The pain in her chest returned, and she hacked again, tasting a mix of lake water and bile as it rose through her throat and out her lips.

"That's a girl." A hand rubbed her back in gentle circles as she gagged on more lake water.

"Juvia!" Gajeel was calling to her. "Juvia, say something!" She tried to open her eyes, but she was tired. So tired.

"All this drama because she fell off her stupid broom," she heard Minerva scoff. Fell off? That's right. The broom. And the lake. Singing. She was so tired.

"It wasn't like that!" Gray now. "She didn't fall — someone jinxed the broom!"

"Orland, I fucking swear if it was you —," she didn't get to hear the rest of Gajeel's threat as the boy fell silent, interrupted by a Silencio from Professor Precht.

She wanted to speak. She wanted to tell Gajeel she was okay, but it hurt. It all hurt. And she was cold. So cold. She slipped back into the dark.


She faded in and out of consciousness, not sure of how long, like she clawed her way to the shore only to be pulled back to sea again. The loving sea. She remembered flashes — Gajeel sleeping in a chair against the wall, Madame Porlyusica hovering over her with some tonic in her hand. There were others, faces and forms that passed by like shadows. She couldn't be sure if they were real or just fragments of dreams floating by.

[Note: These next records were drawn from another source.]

(* Let $p\ge 3$ be an integer and let $\lambda\ge 0$. For each $n\ge1$, let $\theta_0\in\mathbb S^{n-1}$, let $Z$ be a random $p$-tensor in $(\mathbb R^n)^{\otimes p}$ with i.i.d. $\mathcal N(0,1)$ entries, and set $Y=\lambda\sqrt n\,\theta_0^{\otimes p}+Z$. Let $\Pi$ be the uniform probability measure on $\mathbb S^{n-1}$ and let the posterior be $d\Pi(\theta\mid Y)=\mathcal Z_Y^{-1}\exp\big(\tfrac12\sqrt n\lambda\langle\theta^{\otimes p},Y\rangle\big)\,d\Pi(\theta)$. Then there exist $\lambda_0>0$ and a function $s(\lambda)\in[0,1)$ with $s(\lambda)\to1$ as $\lambda\to\infty$ such that for all $\lambda\ge\lambda_0$, \[\lim_{n\to\infty}\Pi(\mathcal T_{s(\lambda)}\mid Y)=1\quad\text{almost surely.}\]
   Context: $\mathbb S^{n-1}=\{\theta\in\mathbb R^n:\|\theta\|_2=1\}$; $\mathcal Z_Y$ is the normalising constant. If $p$ is even, $\mathcal T_t=\{\theta\in\mathbb S^{n-1}:|\langle\theta,\theta_0\rangle|>t\}$; if $p$ is odd, $\mathcal T_t=\{\theta\in\mathbb S^{n-1}:\langle\theta,\theta_0\rangle>t\}$. *)

theory Defs
  imports "HOL-Probability.Probability"
begin

text \<open>Vectors in R^n are functions nat => real; only the coordinates i < n matter.
  Points of the measurable space are extensional functions on {..<n} (PiM convention).\<close>

definition sqnorm :: "nat \<Rightarrow> (nat \<Rightarrow> real) \<Rightarrow> real" where
  "sqnorm n x = (\<Sum>i<n. (x i)\<^sup>2)"

definition inner_n :: "nat \<Rightarrow> (nat \<Rightarrow> real) \<Rightarrow> (nat \<Rightarrow> real) \<Rightarrow> real" where
  "inner_n n x y = (\<Sum>i<n. x i * y i)"

definition sphere_n :: "nat \<Rightarrow> (nat \<Rightarrow> real) set" where
  "sphere_n n = {x. x \<in> extensional {..<n} \<and> sqnorm n x = 1}"

definition normalize_n :: "nat \<Rightarrow> (nat \<Rightarrow> real) \<Rightarrow> (nat \<Rightarrow> real)" where
  "normalize_n n x = (\<lambda>i\<in>{..<n}. x i / sqrt (sqnorm n x))"

definition lebesgue_n :: "nat \<Rightarrow> (nat \<Rightarrow> real) measure" where
  "lebesgue_n n = PiM {..<n} (\<lambda>_. lborel)"

text \<open>Uniform (normalised surface) probability measure on S^{n-1}: the image of the
  uniform distribution on the closed unit ball under radial projection x \<mapsto> x/|x|
  (equivalently, Pi(A) = vol(cone over A in the ball) / vol(ball)).\<close>
definition unif_sphere :: "nat \<Rightarrow> (nat \<Rightarrow> real) measure" where
  "unif_sphere n =
     distr (uniform_measure (lebesgue_n n) {x \<in> space (lebesgue_n n). sqnorm n x \<le> 1})
           (restrict_space (PiM {..<n} (\<lambda>_. borel)) (sphere_n n))
           (normalize_n n)"

definition tensor_idx :: "nat \<Rightarrow> nat \<Rightarrow> nat list set" where
  "tensor_idx p n = {xs. length xs = p \<and> set xs \<subseteq> {..<n}}"

definition tpow :: "nat \<Rightarrow> (nat \<Rightarrow> real) \<Rightarrow> nat list \<Rightarrow> real" where
  "tpow p \<theta> xs = (\<Prod>j<p. \<theta> (xs ! j))"

definition tensor_inner :: "nat \<Rightarrow> nat \<Rightarrow> (nat \<Rightarrow> real) \<Rightarrow> (nat list \<Rightarrow> real) \<Rightarrow> real" where
  "tensor_inner p n \<theta> T = (\<Sum>xs\<in>tensor_idx p n. tpow p \<theta> xs * T xs)"

definition obs :: "nat \<Rightarrow> nat \<Rightarrow> real \<Rightarrow> (nat \<Rightarrow> real) \<Rightarrow> (nat list \<Rightarrow> real) \<Rightarrow> (nat list \<Rightarrow> real)" where
  "obs p n lam \<theta>0 Z = (\<lambda>xs. lam * sqrt (real n) * tpow p \<theta>0 xs + Z xs)"

definition posterior :: "nat \<Rightarrow> nat \<Rightarrow> real \<Rightarrow> (nat list \<Rightarrow> real) \<Rightarrow> (nat \<Rightarrow> real) set \<Rightarrow> real" where
  "posterior p n lam Y A =
     (let w = (\<lambda>\<theta>. exp (1/2 * sqrt (real n) * lam * tensor_inner p n \<theta> Y))
      in (\<integral>\<theta>. indicator A \<theta> * w \<theta> \<partial>unif_sphere n) / (\<integral>\<theta>. w \<theta> \<partial>unif_sphere n))"

definition T_set :: "nat \<Rightarrow> nat \<Rightarrow> (nat \<Rightarrow> real) \<Rightarrow> real \<Rightarrow> (nat \<Rightarrow> real) set" where
  "T_set p n \<theta>0 t =
     (if even p then {\<theta> \<in> sphere_n n. \<bar>inner_n n \<theta> \<theta>0\<bar> > t}
      else {\<theta> \<in> sphere_n n. inner_n n \<theta> \<theta>0 > t})"

end

theory Submission
  imports Defs "HOL-Real_Asymp.Real_Asymp"
begin

text \<open>
  Up to normalisation the posterior density of \<open>\<theta>\<close> is
  \<open>exp (n (\<lambda>\<^sup>2/2 \<langle>\<theta>,\<theta>0\<rangle>\<^sup>p + \<lambda>/(2 sqrt n) Z(\<theta>,...,\<theta>)))\<close>, so everything rests on a
  uniform bound for the noise: almost surely, for all large \<open>n\<close>, the injective norm of \<open>Z\<close> is
  at most \<open>C\<^sub>p sqrt n\<close>. This is a first-moment argument. The exponential moment
  \<open>F(Z) = E exp (sqrt n Z(x\<^sub>1,...,x\<^sub>p))\<close> over independent uniform points \<open>x\<^sub>j\<close> of the sphere has
  Gaussian mean \<open>exp (n/2)\<close>, so Markov's inequality and Borel-Cantelli give
  \<open>F(Z) \<le> exp (3n/2)\<close> eventually. Conversely, the multilinear form is Lipschitz with
  constant its own norm, so a large value at \<open>(\<theta>\<^sub>1,...,\<theta>\<^sub>p)\<close> persists on the product of the
  caps of radius \<open>1/(2p)\<close> around the \<open>\<theta>\<^sub>j\<close>, whose measure is at least \<open>(40p)\<^sup>-\<^sup>n\<^sup>p\<close>.

  Given the noise bound, the complement of \<open>T\<^sub>s\<close> carries weight at most
  \<open>exp (n (\<lambda>\<^sup>2 s\<^sup>p/2 + \<lambda>C/2))\<close>, while the cap of radius \<open>\<delta>\<close> around \<open>\<theta>0\<close> carries at least
  \<open>(\<delta>/20)\<^sup>n exp (n (\<lambda>\<^sup>2 (1 - \<delta>\<^sup>2/2)\<^sup>p/2 - \<lambda>C/2))\<close>. For \<open>s = 1 - 1/sqrt (\<lambda>+1)\<close> and
  \<open>\<delta> = 1/sqrt (p(\<lambda>+1))\<close> the gap between the two exponents is of order \<open>\<lambda>\<^sup>3\<^sup>/\<^sup>2\<close>, which beats
  the linear terms once \<open>\<lambda>\<close> is large, so the posterior mass outside \<open>T\<^sub>s\<close> decays
  exponentially in \<open>n\<close>.
\<close>

section \<open>Tensors and multilinear forms\<close>

lemma tensor_idx_0: "tensor_idx 0 n = {[]}"
  by (auto simp: tensor_idx_def)
(* Bipartiteness makes the spectrum symmetric, with (E_(-mu))_uu = (E_mu)_uu, so
   U(t)_uu = sum_mu (E_mu)_uu cos (t mu) is real; it equals 1 at t = 0.  If at some
   time T every positive mu in Phi_(e_u) has cos (T mu) <= -1 + delta, then, the weights
   (E_mu)_uu summing to 1, U(T)_uu <= 2 (E_0)_uu - 1 + delta, which is negative for small
   delta because (E_0)_uu < 1/2.  Hence U(t)_uu vanishes somewhere in (0, T).  Such T
   exist even with delta = 0 in cases (1) and (2i) (T = pi/mu, resp. T = pi/2^m), and
   for every delta > 0 in case (2ii) by Kronecker's simultaneous approximation theorem. *)

section \<open>Orthogonal projections\<close>

definition orth_proj :: "'a::euclidean_space set \<Rightarrow> 'a \<Rightarrow> 'a" where
  "orth_proj S x = (THE y. y \<in> S \<and> (\<forall>z\<in>S. inner (x - y) z = 0))"

lemma orth_proj_ex1:
  fixes S :: "'a::euclidean_space set"
  assumes "subspace S"
  shows "\<exists>!y. y \<in> S \<and> (\<forall>z\<in>S. inner (x - y) z = 0)"
proof -
  have span: "span S = S" using assms by (simp add: span_eq_iff)
  obtain y z where "y \<in> S" "\<And>w. w \<in> S \<Longrightarrow> orthogonal z w" "x = y + z"
    using orthogonal_subspace_decomp_exists[of S x] unfolding span by metis
  then have y: "y \<in> S \<and> (\<forall>w\<in>S. inner (x - y) w = 0)"
    by (simp add: orthogonal_def)
  show ?thesis
  proof (rule ex1I)
    show "y \<in> S \<and> (\<forall>w\<in>S. inner (x - y) w = 0)" by (rule y)
  next
    fix y' assume y': "y' \<in> S \<and> (\<forall>w\<in>S. inner (x - y') w = 0)"
    then have "y' - y \<in> S" using y assms by (simp add: subspace_diff)
    then have "inner (x - y) (y' - y) - inner (x - y') (y' - y) = 0" using y y' by simp
    then have "inner (y' - y) (y' - y) = 0" by (simp add: inner_diff_left inner_diff_right)
    then show "y' = y" by simp
  qed
qed

lemma
  fixes S :: "'a::euclidean_space set"
  assumes "subspace S"
  shows orth_proj_in: "orth_proj S x \<in> S"
    and orth_proj_orthogonal: "z \<in> S \<Longrightarrow> inner (x - orth_proj S x) z = 0"
  using theI'[OF orth_proj_ex1[OF assms, of x]] unfolding orth_proj_def by blast+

She first woke fully to a gentle touch on her forehead, warmth spreading from that touch and pulling her from the drowning sea. Her eyes, struggling, managed to open but they felt weighted and keeping them open was exhausting. Professor Makarov seemed to know that.

"Just a few minutes, my girl. Then you can sleep again." She tried to nod, but she felt so heavy. "Do you remember anything before the broom started to bolt around?"

"It went still," she said. Her voice sounded even. Clear. Even as the rest of her body struggled to remain awake. "Then it started to move."

"Before that. Did you see anything? Hear anything?"

"Juvia wasn't paying attention. She was too afraid of falling. She just heard Gajeel and Gray. They were arguing again."

"What about when you were in the water?" he asked. "Did the selkies speak to you?"

"The selkies?"

"The selkies in the lake. They were pulling you down when I arrived. Did they say anything?"

"No. Just the lake."

"The lake?"

"It sang," she replied, her words starting to slur, sleep returning. "Drown with me, my love. Die with me, my love. Join the sea, the loving sea." He didn't say anything further. "Join the sea," she sang as she slipped away, pulled back to the sea again. "The loving sea."